--- TASK DESCRIPTION ---
Pull every line with "btree" from the data below and copy it.

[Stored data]
----

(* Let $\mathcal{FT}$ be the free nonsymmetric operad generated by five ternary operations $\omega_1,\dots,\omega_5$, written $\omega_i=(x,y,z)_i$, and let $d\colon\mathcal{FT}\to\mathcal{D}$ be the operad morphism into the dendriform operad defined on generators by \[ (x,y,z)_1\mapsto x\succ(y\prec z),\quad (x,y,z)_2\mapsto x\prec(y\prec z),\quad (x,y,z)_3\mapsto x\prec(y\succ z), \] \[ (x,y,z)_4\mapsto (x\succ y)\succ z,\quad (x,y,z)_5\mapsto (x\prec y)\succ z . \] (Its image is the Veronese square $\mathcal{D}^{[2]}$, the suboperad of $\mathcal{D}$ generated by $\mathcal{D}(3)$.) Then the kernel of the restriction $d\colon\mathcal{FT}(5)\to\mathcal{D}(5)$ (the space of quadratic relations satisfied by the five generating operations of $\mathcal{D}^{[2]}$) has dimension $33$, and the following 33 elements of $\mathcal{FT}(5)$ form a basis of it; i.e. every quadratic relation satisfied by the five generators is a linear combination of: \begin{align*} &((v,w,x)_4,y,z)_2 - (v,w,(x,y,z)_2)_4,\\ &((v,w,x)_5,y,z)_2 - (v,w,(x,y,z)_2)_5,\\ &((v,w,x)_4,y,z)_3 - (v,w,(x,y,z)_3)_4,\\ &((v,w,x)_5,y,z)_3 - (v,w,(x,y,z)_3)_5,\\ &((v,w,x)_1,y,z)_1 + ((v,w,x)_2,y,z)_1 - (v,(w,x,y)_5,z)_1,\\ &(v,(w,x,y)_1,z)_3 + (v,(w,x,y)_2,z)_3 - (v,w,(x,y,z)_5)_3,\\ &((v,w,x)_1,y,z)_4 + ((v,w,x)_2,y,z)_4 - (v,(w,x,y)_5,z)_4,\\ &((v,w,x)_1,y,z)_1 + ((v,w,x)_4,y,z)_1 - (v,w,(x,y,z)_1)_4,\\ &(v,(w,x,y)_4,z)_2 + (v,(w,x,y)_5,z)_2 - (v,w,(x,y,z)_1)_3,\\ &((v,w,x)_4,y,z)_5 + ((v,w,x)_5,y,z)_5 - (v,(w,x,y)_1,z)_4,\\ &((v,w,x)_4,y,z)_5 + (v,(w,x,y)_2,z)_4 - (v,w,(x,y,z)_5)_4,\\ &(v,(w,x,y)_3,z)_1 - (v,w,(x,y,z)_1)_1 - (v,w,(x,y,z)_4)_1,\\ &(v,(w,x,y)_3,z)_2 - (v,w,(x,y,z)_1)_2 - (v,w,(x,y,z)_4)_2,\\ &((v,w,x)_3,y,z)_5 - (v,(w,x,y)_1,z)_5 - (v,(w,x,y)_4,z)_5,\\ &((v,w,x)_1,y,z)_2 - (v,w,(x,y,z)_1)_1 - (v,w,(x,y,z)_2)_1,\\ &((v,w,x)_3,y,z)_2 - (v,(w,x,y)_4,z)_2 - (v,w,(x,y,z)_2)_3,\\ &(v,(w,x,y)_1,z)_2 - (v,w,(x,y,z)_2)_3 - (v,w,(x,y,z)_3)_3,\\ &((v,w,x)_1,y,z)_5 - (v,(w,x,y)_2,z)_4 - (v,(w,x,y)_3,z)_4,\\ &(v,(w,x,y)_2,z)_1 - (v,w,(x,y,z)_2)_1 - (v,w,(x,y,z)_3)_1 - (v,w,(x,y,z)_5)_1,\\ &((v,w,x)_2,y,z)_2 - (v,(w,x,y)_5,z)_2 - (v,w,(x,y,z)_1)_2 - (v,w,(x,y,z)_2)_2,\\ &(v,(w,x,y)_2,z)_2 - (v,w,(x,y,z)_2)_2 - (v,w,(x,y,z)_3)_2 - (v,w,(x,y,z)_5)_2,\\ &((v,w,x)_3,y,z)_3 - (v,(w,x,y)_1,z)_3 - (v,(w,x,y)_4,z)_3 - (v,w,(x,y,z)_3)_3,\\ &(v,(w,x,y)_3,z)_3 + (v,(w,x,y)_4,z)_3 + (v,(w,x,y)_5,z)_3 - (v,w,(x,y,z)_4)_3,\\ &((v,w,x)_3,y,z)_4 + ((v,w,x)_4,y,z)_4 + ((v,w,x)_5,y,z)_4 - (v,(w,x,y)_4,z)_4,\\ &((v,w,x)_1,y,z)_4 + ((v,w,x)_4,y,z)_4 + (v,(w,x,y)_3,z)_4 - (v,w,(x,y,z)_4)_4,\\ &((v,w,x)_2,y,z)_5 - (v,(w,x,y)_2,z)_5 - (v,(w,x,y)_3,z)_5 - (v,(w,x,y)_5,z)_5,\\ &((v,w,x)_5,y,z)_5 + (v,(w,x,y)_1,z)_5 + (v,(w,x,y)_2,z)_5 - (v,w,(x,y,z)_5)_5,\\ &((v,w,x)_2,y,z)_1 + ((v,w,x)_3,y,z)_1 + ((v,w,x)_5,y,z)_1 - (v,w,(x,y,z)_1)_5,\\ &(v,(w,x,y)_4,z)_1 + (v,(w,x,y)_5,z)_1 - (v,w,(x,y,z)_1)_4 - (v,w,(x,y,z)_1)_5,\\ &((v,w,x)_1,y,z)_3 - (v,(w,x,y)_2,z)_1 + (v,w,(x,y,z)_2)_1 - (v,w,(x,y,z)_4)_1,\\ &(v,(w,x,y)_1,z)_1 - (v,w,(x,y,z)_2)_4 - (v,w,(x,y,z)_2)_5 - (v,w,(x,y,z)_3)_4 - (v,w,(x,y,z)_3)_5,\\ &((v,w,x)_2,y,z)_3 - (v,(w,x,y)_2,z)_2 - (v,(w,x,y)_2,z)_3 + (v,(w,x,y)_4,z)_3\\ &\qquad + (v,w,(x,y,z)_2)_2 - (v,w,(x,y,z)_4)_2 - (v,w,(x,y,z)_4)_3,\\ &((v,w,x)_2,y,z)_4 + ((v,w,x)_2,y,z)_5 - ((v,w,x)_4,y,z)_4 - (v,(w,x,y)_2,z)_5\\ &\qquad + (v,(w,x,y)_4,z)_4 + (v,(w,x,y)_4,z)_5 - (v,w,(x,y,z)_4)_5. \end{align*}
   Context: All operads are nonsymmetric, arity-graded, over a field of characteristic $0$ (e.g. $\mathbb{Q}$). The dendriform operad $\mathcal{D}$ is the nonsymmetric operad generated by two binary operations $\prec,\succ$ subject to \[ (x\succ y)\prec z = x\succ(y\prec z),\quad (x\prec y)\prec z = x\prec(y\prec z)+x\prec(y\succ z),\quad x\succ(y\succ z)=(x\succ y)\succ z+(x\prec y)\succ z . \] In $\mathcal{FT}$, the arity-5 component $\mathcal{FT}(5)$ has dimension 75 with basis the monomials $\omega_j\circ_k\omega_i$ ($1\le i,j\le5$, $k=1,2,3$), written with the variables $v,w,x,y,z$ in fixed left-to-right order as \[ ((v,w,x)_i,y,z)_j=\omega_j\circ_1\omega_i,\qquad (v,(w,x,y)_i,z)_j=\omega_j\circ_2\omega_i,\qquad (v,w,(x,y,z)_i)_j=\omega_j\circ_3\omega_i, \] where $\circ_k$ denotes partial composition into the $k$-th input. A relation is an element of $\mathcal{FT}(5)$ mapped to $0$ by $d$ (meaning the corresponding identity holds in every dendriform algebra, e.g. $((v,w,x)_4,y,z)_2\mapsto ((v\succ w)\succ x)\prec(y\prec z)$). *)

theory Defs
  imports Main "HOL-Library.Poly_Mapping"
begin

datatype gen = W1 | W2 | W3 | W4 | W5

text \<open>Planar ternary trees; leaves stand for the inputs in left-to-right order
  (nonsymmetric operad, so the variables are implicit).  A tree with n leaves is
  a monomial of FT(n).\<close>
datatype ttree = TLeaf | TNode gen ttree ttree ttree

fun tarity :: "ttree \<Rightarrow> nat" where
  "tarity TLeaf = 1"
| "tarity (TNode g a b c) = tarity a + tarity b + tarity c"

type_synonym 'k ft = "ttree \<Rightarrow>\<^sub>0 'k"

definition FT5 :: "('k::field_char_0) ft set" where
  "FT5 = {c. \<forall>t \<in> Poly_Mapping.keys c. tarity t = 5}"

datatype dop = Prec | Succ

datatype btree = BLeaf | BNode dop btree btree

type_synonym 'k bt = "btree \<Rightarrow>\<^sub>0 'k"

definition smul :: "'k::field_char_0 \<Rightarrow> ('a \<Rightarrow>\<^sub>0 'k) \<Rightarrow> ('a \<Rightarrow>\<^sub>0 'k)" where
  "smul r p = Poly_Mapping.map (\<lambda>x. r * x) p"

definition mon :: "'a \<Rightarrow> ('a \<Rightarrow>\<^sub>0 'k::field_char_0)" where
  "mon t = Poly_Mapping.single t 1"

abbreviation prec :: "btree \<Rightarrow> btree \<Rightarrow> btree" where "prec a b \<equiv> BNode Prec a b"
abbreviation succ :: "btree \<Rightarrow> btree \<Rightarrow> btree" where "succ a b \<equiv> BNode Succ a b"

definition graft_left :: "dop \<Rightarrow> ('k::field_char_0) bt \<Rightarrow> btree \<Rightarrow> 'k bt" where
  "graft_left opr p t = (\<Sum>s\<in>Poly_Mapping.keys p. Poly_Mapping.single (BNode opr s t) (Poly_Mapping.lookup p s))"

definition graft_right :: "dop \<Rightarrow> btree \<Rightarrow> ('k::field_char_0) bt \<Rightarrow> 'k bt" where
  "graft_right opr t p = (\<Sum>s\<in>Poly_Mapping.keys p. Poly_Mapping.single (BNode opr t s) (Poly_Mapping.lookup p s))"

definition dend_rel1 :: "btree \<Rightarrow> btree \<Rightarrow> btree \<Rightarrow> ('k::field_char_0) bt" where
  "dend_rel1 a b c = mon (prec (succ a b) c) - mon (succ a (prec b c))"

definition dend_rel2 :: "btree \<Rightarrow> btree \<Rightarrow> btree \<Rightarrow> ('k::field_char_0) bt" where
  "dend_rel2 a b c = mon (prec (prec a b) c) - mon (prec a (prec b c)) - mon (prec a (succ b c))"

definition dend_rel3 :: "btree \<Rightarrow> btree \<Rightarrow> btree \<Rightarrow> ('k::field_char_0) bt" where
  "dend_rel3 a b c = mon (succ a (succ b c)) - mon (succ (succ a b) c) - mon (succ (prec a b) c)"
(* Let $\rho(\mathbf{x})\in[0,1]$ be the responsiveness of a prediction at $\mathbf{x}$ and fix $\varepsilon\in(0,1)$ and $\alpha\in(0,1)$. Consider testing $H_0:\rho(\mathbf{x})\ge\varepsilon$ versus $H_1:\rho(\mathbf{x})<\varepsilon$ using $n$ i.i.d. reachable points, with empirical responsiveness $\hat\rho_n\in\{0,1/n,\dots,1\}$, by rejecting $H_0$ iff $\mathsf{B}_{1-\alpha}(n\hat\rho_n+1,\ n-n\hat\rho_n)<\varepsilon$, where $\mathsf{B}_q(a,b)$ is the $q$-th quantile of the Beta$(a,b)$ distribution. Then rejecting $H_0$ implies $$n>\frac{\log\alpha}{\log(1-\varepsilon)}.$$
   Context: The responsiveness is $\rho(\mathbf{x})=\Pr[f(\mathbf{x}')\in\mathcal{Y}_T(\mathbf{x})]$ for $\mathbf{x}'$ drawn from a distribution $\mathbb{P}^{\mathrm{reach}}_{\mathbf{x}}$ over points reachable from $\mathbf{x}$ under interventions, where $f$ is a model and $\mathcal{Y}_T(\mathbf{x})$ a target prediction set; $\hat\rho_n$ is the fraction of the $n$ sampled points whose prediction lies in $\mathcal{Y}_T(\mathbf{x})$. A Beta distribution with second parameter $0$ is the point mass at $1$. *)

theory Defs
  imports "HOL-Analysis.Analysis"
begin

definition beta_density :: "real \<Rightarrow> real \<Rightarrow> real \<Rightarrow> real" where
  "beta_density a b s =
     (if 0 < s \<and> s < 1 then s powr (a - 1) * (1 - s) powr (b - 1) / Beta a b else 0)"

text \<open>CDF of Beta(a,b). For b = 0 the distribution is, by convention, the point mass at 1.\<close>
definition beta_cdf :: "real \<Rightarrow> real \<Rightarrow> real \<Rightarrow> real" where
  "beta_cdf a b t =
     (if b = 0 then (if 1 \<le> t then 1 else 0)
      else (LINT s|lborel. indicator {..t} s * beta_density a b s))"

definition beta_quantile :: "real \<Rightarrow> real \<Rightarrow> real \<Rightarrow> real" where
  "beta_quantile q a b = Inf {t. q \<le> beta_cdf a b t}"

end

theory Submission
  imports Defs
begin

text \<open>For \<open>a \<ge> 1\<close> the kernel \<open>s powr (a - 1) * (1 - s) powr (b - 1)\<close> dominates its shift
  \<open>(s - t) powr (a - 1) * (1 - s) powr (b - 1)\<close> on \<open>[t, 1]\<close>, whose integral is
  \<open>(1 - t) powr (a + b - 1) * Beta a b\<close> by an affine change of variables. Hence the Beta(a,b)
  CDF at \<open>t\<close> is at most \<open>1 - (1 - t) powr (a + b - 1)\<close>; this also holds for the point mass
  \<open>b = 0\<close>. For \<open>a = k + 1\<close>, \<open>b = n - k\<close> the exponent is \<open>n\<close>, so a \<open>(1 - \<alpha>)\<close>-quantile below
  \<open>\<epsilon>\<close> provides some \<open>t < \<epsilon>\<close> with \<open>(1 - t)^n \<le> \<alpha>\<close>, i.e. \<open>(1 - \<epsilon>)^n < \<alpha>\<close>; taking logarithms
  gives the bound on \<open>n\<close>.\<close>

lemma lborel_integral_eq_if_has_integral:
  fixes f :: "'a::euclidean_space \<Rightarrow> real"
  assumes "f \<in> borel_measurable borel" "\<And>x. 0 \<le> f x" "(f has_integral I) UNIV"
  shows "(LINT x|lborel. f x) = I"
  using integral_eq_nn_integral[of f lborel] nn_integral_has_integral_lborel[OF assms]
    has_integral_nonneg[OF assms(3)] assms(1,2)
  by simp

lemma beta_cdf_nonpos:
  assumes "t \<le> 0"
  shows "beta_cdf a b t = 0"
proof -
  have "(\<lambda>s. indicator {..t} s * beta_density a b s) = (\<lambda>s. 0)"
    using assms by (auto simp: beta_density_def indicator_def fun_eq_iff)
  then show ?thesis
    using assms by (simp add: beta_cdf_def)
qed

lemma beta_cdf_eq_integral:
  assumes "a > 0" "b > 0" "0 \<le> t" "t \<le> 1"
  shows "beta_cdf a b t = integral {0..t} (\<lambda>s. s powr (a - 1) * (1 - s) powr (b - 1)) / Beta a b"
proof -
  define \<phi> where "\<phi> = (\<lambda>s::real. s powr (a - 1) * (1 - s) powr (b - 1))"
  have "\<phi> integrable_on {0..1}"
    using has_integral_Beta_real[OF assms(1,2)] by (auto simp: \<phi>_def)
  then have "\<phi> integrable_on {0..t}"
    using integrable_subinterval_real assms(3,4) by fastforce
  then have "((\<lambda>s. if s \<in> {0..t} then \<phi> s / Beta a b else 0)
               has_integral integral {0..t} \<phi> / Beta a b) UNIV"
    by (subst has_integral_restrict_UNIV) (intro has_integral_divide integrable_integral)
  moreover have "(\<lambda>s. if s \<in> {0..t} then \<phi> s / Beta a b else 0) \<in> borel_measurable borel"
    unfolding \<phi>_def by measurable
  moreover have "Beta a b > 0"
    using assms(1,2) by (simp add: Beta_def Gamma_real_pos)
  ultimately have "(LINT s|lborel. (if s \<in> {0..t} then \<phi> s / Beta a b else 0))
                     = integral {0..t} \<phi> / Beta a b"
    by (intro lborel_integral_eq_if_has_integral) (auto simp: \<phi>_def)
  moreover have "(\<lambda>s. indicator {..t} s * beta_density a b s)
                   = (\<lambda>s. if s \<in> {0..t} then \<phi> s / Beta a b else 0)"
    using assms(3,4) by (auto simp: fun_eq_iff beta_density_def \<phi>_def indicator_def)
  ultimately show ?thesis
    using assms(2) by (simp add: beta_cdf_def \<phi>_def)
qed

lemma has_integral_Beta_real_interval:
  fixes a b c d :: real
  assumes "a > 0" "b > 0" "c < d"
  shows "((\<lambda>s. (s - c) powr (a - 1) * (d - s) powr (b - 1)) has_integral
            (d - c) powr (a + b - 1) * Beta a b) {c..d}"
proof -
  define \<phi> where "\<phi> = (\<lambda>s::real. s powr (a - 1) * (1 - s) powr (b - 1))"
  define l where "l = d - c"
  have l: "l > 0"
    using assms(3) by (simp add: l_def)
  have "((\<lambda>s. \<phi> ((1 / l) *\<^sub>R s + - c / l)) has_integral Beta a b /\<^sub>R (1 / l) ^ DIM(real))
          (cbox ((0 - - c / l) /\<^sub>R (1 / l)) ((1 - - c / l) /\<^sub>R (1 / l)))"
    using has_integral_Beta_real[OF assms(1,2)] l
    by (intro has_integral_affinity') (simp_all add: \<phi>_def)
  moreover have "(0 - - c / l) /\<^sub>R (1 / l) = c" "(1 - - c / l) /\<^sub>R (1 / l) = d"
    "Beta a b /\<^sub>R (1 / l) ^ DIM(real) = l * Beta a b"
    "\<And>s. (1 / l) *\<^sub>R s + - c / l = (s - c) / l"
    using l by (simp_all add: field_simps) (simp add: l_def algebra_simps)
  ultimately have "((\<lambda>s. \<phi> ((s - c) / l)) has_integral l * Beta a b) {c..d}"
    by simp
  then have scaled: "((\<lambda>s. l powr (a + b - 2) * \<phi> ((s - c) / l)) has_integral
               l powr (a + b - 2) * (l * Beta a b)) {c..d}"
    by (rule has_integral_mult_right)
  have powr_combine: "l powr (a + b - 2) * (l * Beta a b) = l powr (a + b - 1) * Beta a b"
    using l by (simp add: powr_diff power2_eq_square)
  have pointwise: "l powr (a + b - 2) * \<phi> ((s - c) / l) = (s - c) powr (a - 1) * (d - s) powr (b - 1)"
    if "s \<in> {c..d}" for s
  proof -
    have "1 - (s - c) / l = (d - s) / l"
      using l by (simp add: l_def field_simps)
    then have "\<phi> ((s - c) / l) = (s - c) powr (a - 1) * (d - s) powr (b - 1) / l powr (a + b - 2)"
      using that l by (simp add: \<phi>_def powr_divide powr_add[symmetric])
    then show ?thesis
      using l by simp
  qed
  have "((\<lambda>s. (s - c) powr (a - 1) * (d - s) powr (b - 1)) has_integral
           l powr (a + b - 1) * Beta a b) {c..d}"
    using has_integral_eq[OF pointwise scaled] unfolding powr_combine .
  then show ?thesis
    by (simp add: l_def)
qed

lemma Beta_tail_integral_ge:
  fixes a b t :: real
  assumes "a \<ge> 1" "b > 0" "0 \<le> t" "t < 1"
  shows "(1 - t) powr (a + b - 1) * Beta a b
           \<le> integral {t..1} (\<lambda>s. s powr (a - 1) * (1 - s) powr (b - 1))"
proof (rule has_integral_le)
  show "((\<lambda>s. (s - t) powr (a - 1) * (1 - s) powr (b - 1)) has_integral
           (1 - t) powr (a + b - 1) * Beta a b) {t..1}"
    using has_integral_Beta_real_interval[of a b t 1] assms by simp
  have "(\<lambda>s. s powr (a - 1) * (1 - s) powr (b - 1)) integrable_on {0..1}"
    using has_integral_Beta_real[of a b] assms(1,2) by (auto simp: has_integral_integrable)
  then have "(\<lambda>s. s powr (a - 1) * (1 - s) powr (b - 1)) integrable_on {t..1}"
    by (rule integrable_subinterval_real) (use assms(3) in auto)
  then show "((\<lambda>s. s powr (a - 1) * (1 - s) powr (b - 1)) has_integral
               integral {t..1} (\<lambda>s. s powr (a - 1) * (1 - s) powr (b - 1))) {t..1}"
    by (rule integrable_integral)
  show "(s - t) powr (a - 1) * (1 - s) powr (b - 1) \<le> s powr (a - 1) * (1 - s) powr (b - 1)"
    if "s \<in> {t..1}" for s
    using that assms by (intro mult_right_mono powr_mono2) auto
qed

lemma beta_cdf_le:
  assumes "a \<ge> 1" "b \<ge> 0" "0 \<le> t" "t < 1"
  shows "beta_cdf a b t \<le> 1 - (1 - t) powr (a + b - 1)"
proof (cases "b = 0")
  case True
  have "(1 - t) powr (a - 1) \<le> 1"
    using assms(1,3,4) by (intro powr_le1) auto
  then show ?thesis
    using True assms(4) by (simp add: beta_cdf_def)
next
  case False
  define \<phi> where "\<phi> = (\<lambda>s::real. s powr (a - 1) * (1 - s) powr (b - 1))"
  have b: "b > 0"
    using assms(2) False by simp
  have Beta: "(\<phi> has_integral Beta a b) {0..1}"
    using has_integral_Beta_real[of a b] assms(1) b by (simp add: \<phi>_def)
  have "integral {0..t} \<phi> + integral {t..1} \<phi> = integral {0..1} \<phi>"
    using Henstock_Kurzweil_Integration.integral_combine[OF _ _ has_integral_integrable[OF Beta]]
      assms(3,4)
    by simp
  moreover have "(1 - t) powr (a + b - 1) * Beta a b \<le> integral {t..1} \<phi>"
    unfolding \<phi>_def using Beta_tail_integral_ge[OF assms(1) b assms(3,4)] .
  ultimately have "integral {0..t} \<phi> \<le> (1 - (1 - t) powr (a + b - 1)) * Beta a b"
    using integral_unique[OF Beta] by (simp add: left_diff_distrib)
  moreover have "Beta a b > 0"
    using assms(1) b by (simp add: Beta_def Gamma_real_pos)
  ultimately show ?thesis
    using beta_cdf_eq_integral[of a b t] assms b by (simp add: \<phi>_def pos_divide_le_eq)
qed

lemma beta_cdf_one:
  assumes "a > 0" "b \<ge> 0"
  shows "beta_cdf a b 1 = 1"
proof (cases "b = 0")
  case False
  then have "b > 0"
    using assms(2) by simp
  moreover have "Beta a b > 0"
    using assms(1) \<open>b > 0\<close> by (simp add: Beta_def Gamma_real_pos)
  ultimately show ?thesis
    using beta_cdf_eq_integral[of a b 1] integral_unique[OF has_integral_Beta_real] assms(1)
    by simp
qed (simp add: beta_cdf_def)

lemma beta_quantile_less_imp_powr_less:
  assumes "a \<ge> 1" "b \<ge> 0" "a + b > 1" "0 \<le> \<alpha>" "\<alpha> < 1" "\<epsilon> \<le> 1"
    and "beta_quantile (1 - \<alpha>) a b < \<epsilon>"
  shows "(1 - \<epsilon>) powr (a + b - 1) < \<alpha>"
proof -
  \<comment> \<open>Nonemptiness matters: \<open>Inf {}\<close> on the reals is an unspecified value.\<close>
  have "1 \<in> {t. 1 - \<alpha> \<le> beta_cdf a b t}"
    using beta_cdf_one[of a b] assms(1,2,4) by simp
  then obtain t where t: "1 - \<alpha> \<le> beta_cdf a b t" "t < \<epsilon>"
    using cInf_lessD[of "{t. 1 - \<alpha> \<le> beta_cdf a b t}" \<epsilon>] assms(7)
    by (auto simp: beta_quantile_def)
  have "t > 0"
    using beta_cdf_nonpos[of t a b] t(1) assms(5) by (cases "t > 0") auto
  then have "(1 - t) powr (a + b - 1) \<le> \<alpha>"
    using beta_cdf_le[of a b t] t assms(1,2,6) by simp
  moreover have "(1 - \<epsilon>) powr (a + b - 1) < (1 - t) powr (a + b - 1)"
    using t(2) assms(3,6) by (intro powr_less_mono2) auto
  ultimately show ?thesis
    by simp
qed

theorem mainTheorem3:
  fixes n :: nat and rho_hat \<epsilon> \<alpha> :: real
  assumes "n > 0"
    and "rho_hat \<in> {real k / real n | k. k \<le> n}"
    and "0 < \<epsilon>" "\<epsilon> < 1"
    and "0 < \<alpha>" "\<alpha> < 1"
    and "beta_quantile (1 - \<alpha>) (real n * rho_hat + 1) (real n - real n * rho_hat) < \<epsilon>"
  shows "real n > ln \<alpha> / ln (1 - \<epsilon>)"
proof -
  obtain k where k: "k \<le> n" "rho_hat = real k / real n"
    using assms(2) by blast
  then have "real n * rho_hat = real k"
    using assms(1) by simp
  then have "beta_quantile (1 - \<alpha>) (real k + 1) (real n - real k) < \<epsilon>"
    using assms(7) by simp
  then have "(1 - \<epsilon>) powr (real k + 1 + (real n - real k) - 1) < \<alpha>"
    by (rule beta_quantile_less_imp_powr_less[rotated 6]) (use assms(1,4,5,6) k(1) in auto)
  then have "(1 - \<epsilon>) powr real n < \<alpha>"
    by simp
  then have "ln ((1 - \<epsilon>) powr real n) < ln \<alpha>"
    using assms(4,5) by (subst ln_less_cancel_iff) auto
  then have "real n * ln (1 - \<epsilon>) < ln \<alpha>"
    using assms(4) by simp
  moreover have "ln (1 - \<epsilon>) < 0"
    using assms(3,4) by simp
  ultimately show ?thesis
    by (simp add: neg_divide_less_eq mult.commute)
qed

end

----

--- ANSWER FOR THIS EXERCISE ---
datatype btree = BLeaf | BNode dop btree btree
type_synonym 'k bt = "btree \<Rightarrow>\<^sub>0 'k"
abbreviation prec :: "btree \<Rightarrow> btree \<Rightarrow> btree" where "prec a b \<equiv> BNode Prec a b"
abbreviation succ :: "btree \<Rightarrow> btree \<Rightarrow> btree" where "succ a b \<equiv> BNode Succ a b"
definition graft_left :: "dop \<Rightarrow> ('k::field_char_0) bt \<Rightarrow> btree \<Rightarrow> 'k bt" where
definition graft_right :: "dop \<Rightarrow> btree \<Rightarrow> ('k::field_char_0) bt \<Rightarrow> 'k bt" where
definition dend_rel1 :: "btree \<Rightarrow> btree \<Rightarrow> btree \<Rightarrow> ('k::field_char_0) bt" where
definition dend_rel2 :: "btree \<Rightarrow> btree \<Rightarrow> btree \<Rightarrow> ('k::field_char_0) bt" where
definition dend_rel3 :: "btree \<Rightarrow> btree \<Rightarrow> btree \<Rightarrow> ('k::field_char_0) bt" where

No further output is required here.